* _Work item_
From the records below, copy out exactly the lines from the one containing "ej'(1) by metis" to the one containing "(cut_hi e) (P e))) \<subseteq>", both included. Add nothing else.

*** Data for this exercise ***

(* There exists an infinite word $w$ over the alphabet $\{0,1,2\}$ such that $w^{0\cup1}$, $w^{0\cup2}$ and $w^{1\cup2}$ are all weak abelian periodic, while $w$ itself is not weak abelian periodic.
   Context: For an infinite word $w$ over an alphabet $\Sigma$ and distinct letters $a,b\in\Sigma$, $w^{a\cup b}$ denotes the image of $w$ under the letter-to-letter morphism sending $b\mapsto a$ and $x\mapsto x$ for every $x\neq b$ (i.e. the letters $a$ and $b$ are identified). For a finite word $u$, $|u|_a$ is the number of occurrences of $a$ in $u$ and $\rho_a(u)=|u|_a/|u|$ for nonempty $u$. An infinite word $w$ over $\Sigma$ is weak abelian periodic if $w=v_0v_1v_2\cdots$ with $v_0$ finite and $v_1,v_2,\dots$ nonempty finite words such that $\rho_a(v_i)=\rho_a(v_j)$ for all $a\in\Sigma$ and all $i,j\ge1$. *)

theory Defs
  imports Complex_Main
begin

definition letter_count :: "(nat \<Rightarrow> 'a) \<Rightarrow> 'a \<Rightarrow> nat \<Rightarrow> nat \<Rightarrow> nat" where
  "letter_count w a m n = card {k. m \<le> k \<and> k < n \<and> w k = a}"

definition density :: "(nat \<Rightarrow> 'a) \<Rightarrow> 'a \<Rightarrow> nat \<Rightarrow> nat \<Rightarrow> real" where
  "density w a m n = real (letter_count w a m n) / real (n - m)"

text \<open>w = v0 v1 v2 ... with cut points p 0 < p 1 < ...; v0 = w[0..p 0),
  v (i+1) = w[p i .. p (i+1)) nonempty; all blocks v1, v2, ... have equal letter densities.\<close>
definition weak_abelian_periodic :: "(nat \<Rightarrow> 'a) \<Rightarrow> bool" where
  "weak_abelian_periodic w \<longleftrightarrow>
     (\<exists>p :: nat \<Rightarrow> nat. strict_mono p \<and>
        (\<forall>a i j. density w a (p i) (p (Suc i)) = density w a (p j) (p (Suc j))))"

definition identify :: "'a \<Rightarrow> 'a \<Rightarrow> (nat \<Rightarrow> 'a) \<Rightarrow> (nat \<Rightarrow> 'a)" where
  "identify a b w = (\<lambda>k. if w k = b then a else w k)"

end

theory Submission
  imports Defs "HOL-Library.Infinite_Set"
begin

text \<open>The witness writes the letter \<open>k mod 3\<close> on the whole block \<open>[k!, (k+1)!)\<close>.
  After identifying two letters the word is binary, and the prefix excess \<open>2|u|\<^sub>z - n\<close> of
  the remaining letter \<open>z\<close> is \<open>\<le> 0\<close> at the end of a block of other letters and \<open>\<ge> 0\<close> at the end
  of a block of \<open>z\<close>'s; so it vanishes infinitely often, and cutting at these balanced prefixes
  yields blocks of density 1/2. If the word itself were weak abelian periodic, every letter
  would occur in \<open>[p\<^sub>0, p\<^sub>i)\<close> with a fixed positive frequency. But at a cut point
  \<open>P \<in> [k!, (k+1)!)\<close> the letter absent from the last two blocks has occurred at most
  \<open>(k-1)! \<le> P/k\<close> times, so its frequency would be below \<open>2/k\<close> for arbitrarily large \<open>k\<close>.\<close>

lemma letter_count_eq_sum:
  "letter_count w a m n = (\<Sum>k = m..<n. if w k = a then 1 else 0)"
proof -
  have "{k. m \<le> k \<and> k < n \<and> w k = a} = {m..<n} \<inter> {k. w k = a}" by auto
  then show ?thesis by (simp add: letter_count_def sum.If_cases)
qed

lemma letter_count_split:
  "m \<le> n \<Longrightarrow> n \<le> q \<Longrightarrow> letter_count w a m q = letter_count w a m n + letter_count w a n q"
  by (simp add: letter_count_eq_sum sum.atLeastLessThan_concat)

*** End of Data for this exercise ***
*** Data for this exercise ***

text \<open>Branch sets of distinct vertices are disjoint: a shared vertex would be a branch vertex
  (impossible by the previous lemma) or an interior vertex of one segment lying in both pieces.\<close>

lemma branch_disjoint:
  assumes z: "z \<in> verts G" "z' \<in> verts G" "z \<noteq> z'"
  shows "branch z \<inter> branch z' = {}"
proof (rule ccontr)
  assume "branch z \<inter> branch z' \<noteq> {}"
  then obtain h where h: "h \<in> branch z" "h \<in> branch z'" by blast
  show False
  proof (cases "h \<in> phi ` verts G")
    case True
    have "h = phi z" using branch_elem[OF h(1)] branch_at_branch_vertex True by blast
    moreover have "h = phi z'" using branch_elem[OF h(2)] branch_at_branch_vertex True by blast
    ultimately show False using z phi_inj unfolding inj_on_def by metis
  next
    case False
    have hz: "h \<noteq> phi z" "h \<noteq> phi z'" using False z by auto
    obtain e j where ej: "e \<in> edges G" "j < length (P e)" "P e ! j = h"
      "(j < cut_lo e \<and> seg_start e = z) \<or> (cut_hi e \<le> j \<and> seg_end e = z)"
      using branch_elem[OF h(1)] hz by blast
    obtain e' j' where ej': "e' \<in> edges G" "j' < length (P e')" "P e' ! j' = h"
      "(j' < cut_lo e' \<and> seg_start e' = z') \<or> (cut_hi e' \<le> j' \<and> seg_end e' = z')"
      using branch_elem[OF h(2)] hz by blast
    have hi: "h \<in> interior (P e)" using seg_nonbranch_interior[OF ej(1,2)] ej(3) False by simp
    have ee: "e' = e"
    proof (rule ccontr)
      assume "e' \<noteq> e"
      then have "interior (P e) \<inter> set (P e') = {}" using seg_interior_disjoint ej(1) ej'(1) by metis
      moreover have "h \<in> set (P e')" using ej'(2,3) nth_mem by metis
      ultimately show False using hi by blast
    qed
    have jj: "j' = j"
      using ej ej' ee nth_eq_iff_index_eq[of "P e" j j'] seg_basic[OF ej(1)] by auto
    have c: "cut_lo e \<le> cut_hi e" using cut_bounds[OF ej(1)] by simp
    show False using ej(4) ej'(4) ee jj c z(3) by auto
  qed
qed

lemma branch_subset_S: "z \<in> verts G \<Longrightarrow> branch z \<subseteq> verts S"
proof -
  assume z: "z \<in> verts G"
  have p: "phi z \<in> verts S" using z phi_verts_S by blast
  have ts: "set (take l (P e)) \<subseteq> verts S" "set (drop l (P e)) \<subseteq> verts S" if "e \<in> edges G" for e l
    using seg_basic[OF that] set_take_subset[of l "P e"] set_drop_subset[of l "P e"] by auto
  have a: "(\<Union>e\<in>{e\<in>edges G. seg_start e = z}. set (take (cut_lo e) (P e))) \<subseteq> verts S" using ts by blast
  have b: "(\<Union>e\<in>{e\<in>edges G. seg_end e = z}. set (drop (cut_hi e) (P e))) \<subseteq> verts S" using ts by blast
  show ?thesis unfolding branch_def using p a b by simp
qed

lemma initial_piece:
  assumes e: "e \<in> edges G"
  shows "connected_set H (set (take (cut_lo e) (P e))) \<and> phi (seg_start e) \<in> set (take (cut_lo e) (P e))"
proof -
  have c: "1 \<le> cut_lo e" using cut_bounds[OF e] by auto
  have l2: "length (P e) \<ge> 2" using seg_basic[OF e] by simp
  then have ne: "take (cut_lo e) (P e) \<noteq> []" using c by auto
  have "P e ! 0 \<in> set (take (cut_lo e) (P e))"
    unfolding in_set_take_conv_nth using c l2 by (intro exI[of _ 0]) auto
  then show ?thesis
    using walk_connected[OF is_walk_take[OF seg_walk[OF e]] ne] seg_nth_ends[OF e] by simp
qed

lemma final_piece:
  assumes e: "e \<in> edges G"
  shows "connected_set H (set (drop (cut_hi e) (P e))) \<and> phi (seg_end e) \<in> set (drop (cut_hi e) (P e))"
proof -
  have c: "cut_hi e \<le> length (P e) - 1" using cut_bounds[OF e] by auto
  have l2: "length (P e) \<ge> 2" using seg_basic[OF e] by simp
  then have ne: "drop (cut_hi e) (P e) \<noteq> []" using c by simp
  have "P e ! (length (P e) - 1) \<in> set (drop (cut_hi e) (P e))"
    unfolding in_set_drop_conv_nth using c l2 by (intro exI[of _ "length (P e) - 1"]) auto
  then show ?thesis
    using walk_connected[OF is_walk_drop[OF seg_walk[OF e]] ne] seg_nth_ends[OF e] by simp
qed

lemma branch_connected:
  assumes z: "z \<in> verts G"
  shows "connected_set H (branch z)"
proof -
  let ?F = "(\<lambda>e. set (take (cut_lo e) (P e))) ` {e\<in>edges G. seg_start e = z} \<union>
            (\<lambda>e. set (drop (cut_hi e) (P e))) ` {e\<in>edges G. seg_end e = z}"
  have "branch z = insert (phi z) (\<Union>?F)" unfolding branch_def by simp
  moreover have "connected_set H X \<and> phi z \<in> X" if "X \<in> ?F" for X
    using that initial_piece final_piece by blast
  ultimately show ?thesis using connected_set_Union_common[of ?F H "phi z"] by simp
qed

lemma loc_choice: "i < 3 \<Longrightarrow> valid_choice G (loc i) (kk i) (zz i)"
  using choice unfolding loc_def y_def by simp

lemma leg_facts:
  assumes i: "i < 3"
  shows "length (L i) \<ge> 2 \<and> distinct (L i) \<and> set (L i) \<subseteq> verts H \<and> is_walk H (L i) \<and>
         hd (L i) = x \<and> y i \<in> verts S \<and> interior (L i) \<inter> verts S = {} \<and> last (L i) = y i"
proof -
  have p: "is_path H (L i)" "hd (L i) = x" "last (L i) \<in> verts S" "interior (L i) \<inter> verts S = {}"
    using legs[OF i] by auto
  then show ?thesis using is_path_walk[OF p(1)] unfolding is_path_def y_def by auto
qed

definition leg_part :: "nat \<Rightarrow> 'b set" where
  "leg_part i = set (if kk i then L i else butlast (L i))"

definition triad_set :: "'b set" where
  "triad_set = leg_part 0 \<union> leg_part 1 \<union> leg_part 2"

*** End of Data for this exercise ***

* _Result below_
      then have "interior (P e) \<inter> set (P e') = {}" using seg_interior_disjoint ej(1) ej'(1) by metis
      moreover have "h \<in> set (P e')" using ej'(2,3) nth_mem by metis
      ultimately show False using hi by blast
    qed
    have jj: "j' = j"
      using ej ej' ee nth_eq_iff_index_eq[of "P e" j j'] seg_basic[OF ej(1)] by auto
    have c: "cut_lo e \<le> cut_hi e" using cut_bounds[OF ej(1)] by simp
    show False using ej(4) ej'(4) ee jj c z(3) by auto
  qed
qed

lemma branch_subset_S: "z \<in> verts G \<Longrightarrow> branch z \<subseteq> verts S"
proof -
  assume z: "z \<in> verts G"
  have p: "phi z \<in> verts S" using z phi_verts_S by blast
  have ts: "set (take l (P e)) \<subseteq> verts S" "set (drop l (P e)) \<subseteq> verts S" if "e \<in> edges G" for e l
    using seg_basic[OF that] set_take_subset[of l "P e"] set_drop_subset[of l "P e"] by auto
  have a: "(\<Union>e\<in>{e\<in>edges G. seg_start e = z}. set (take (cut_lo e) (P e))) \<subseteq> verts S" using ts by blast
  have b: "(\<Union>e\<in>{e\<in>edges G. seg_end e = z}. set (drop (cut_hi e) (P e))) \<subseteq> verts S" using ts by blast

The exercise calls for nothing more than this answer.